In the records below, find the line with "case (Suc k)" and the line with "using Suc by". Print both exactly, along with every line between them, and no other line.

········

(* Let $A=\begin{bmatrix}2&0\\0&0\end{bmatrix}$ and $B=\begin{bmatrix}0&1\\1&0\end{bmatrix}$. Let $M$ be any $\mathfrak{H}_2$-valued regular Borel measure on $[0,2]$ with $e^{tA+B}=\int_{[0,2]}e^{t\lambda}M(d\lambda)$ for all real $t$ (such a measure exists). Then $\frac{d}{dt}e^{tA+B}\big|_{t=0}=D:=\begin{bmatrix} e & \frac{e-e^{-1}}{2}\\ \frac{e-e^{-1}}{2} & e^{-1}\end{bmatrix}$, $D=\int_{[0,2]}\lambda\,M(d\lambda)$, $\det D=\frac{6-e^2-e^{-2}}{4}<0$, and consequently $M$ is not a non-negative measure.
   Context: $\mathfrak{H}_2$ is the set of $2\times 2$ Hermitian matrices. A matrix $S=(s_{pq})\in\mathfrak{M}_n$ is non-negative if $\sum_{p,q}s_{pq}\xi_p\overline{\xi_q}\ge 0$ for all $\xi\in\mathbb{C}^n$. A matrix-valued measure $M$ is non-negative if $M(\delta)$ is a non-negative matrix for every Borel set $\delta$. *)

theory Defs
  imports "HOL-Analysis.Analysis"
begin

type_synonym cmat2 = "complex^2^2"

primrec mpow :: "cmat2 \<Rightarrow> nat \<Rightarrow> cmat2" where
  "mpow X 0 = mat 1"
| "mpow X (Suc k) = X ** mpow X k"

definition mexp :: "cmat2 \<Rightarrow> cmat2" where
  "mexp X = (\<Sum>k. (1 / fact k) *\<^sub>R mpow X k)"

definition hermitian2 :: "cmat2 \<Rightarrow> bool" where
  "hermitian2 S \<longleftrightarrow> (\<forall>i j. S $ i $ j = cnj (S $ j $ i))"

definition nonneg_mat :: "cmat2 \<Rightarrow> bool" where
  "nonneg_mat S \<longleftrightarrow> (\<forall>\<xi> :: complex^2.
     Im (\<Sum>p\<in>UNIV. \<Sum>q\<in>UNIV. S $ p $ q * \<xi> $ p * cnj (\<xi> $ q)) = 0 \<and>
     Re (\<Sum>p\<in>UNIV. \<Sum>q\<in>UNIV. S $ p $ q * \<xi> $ p * cnj (\<xi> $ q)) \<ge> 0)"

definition borel02 :: "real set set" where
  "borel02 = {S. S \<in> sets borel \<and> S \<subseteq> {0..2}}"

definition H2_regular_borel_measure :: "(real set \<Rightarrow> cmat2) \<Rightarrow> bool" where
  "H2_regular_borel_measure M \<longleftrightarrow>
     (\<forall>S\<in>borel02. hermitian2 (M S)) \<and>
     M {} = 0 \<and>
     (\<forall>F :: nat \<Rightarrow> real set. range F \<subseteq> borel02 \<longrightarrow> disjoint_family F \<longrightarrow>
        (\<lambda>n. M (F n)) sums M (\<Union>n. F n)) \<and>
     (\<forall>S\<in>borel02. \<forall>\<epsilon>>0. \<exists>K U. compact K \<and> open U \<and> K \<subseteq> S \<and> S \<subseteq> U \<and>
        (\<forall>E\<in>borel02. E \<subseteq> U - K \<longrightarrow> norm (M E) < \<epsilon>))"

definition nonneg_measure :: "(real set \<Rightarrow> cmat2) \<Rightarrow> bool" where
  "nonneg_measure M \<longleftrightarrow> (\<forall>S\<in>borel02. nonneg_mat (M S))"

definition tagged_borel_partition :: "real \<Rightarrow> (real set \<times> real) list \<Rightarrow> bool" where
  "tagged_borel_partition d P \<longleftrightarrow>
     (\<forall>(S, x)\<in>set P. S \<in> borel02 \<and> x \<in> S \<and> diameter S < d) \<and>
     (\<forall>i<length P. \<forall>j<length P. i \<noteq> j \<longrightarrow> fst (P ! i) \<inter> fst (P ! j) = {}) \<and>
     (\<Union>(fst ` set P)) = {0..2}"

definition has_mintegral :: "(real set \<Rightarrow> cmat2) \<Rightarrow> (real \<Rightarrow> real) \<Rightarrow> cmat2 \<Rightarrow> bool" where
  "has_mintegral M f I \<longleftrightarrow>
     (\<forall>\<epsilon>>0. \<exists>d>0. \<forall>P. tagged_borel_partition d P \<longrightarrow>
        norm (sum_list (map (\<lambda>(S, x). f x *\<^sub>R M S) P) - I) < \<epsilon>)"

definition matA :: cmat2 where
  "matA = (\<chi> i j. if i = 1 \<and> j = 1 then 2 else 0)"

definition matB :: cmat2 where
  "matB = (\<chi> i j. if i \<noteq> j then 1 else 0)"

definition matD :: cmat2 where
  "matD = (\<chi> i j. if i = 1 \<and> j = 1 then complex_of_real (exp 1)
                   else if i = 2 \<and> j = 2 then complex_of_real (exp (-1))
                   else complex_of_real ((exp 1 - exp (-1)) / 2))"

end

theory Submission
  imports Defs
begin

(* The matrix X = tA + B satisfies X^2 = 2t X + I, with the distinct real eigenvalues
   t +- sqrt(1 + t^2), so Sylvester's formula gives e^X in closed form and its derivative at
   t = 0 is D. A countably additive matrix-valued measure is bounded and hence of bounded
   variation, so Riemann sums against M depend continuously on the integrand in the uniform
   norm; since (e^(tx) - 1)/t tends to x uniformly on [0,2], differentiating the moment identity
   at t = 0 yields D as the integral of x. If M were non-negative, this integral would be a limit
   of non-negative combinations of non-negative matrices, hence non-negative; but a non-negative
   Hermitian 2x2 matrix with positive (1,1) entry has non-negative determinant, while det D < 0. *)

section \<open>The exponential of tA + B\<close>

lemma mpow_two_eigenvalues:
  fixes X :: cmat2 and a b :: real
  assumes char: "X ** X = (a + b) *\<^sub>R X - (a * b) *\<^sub>R mat 1" and "a \<noteq> b"
  shows "mpow X k = ((a * b ^ k - b * a ^ k) / (a - b)) *\<^sub>R mat 1 + ((a ^ k - b ^ k) / (a - b)) *\<^sub>R X"
proof (induction k)
  case 0
  then show ?case
    using \<open>a \<noteq> b\<close> by simp
next
  case (Suc k)
  define c where "c = (a * b ^ k - b * a ^ k) / (a - b)"
  define d where "d = (a ^ k - b ^ k) / (a - b)"
  have "mpow X (Suc k) = c *\<^sub>R X + d *\<^sub>R (X ** X)"
    using Suc by (simp add: c_def d_def matrix_add_ldistrib matrix_scalar_ac scalar_matrix_assoc)
  also have "\<dots> = (- (a * b) * d) *\<^sub>R mat 1 + (c + (a + b) * d) *\<^sub>R X"
    unfolding char by (simp add: algebra_simps)
  also have "- (a * b) * d = (a * b ^ Suc k - b * a ^ Suc k) / (a - b)"
    by (simp add: d_def field_simps)
  also have "c + (a + b) * d = (a ^ Suc k - b ^ Suc k) / (a - b)"
    unfolding c_def d_def
    by (simp add: add_divide_distrib[symmetric] times_divide_eq_right[symmetric] algebra_simps)
  finally show ?case .
qed

lemma mexp_two_eigenvalues:
  fixes X :: cmat2 and a b :: real
  assumes "X ** X = (a + b) *\<^sub>R X - (a * b) *\<^sub>R mat 1" and "a \<noteq> b"
  shows "mexp X = ((a * exp b - b * exp a) / (a - b)) *\<^sub>R mat 1 + ((exp a - exp b) / (a - b)) *\<^sub>R X"
proof -
  have exp_sums: "(\<lambda>k. x ^ k / fact k) sums exp x" for x :: real
    using exp_converges[of x] by (simp add: divide_inverse mult.commute)
  have "(\<lambda>k. ((a * (b ^ k / fact k) - b * (a ^ k / fact k)) / (a - b)) *\<^sub>R mat 1
           + (((a ^ k / fact k) - (b ^ k / fact k)) / (a - b)) *\<^sub>R X)
        sums (((a * exp b - b * exp a) / (a - b)) *\<^sub>R mat 1 + ((exp a - exp b) / (a - b)) *\<^sub>R X)"
    by (intro sums_add sums_scaleR_left sums_divide sums_diff sums_mult exp_sums)
  then show ?thesis
    unfolding mexp_def mpow_two_eigenvalues[OF assms]
    by (simp add: sums_unique[symmetric] scaleR_add_right diff_divide_distrib mult.commute)
qed

definition eig_plus :: "real \<Rightarrow> real" where
  "eig_plus t = t + sqrt (1 + t\<^sup>2)"

definition eig_minus :: "real \<Rightarrow> real" where
  "eig_minus t = t - sqrt (1 + t\<^sup>2)"

lemma matA_matB_char_poly:
  "(t *\<^sub>R matA + matB) ** (t *\<^sub>R matA + matB)
     = (eig_plus t + eig_minus t) *\<^sub>R (t *\<^sub>R matA + matB) - (eig_plus t * eig_minus t) *\<^sub>R mat 1"
proof -
  have "eig_plus t * eig_minus t = t\<^sup>2 - (sqrt (1 + t\<^sup>2))\<^sup>2"
    by (simp add: eig_plus_def eig_minus_def power2_eq_square algebra_simps)
  then have "eig_plus t * eig_minus t = -1"
    by simp
  then show ?thesis
    by (simp add: eig_plus_def eig_minus_def vec_eq_iff forall_2 matrix_matrix_mult_def sum_2
        matA_def matB_def mat_def complex_eq_iff)
qed

lemma mexp_matA_matB:
  "mexp (t *\<^sub>R matA + matB)
     = ((eig_plus t * exp (eig_minus t) - eig_minus t * exp (eig_plus t)) / (2 * sqrt (1 + t\<^sup>2)))
         *\<^sub>R mat 1
       + ((exp (eig_plus t) - exp (eig_minus t)) / (2 * sqrt (1 + t\<^sup>2)))
         *\<^sub>R (t *\<^sub>R matA + matB)"
proof -
  have "eig_plus t - eig_minus t = 2 * sqrt (1 + t\<^sup>2)"
    by (simp add: eig_plus_def eig_minus_def)
  moreover have "eig_plus t \<noteq> eig_minus t"
    using add_pos_nonneg[of 1 "t\<^sup>2"] by (simp add: eig_plus_def eig_minus_def)
  ultimately show ?thesis
    using mexp_two_eigenvalues[OF matA_matB_char_poly] by metis
qed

········

- [RESPONSE AREA]:
  case (Suc k)
  define c where "c = (a * b ^ k - b * a ^ k) / (a - b)"
  define d where "d = (a ^ k - b ^ k) / (a - b)"
  have "mpow X (Suc k) = c *\<^sub>R X + d *\<^sub>R (X ** X)"
    using Suc by (simp add: c_def d_def matrix_add_ldistrib matrix_scalar_ac scalar_matrix_assoc)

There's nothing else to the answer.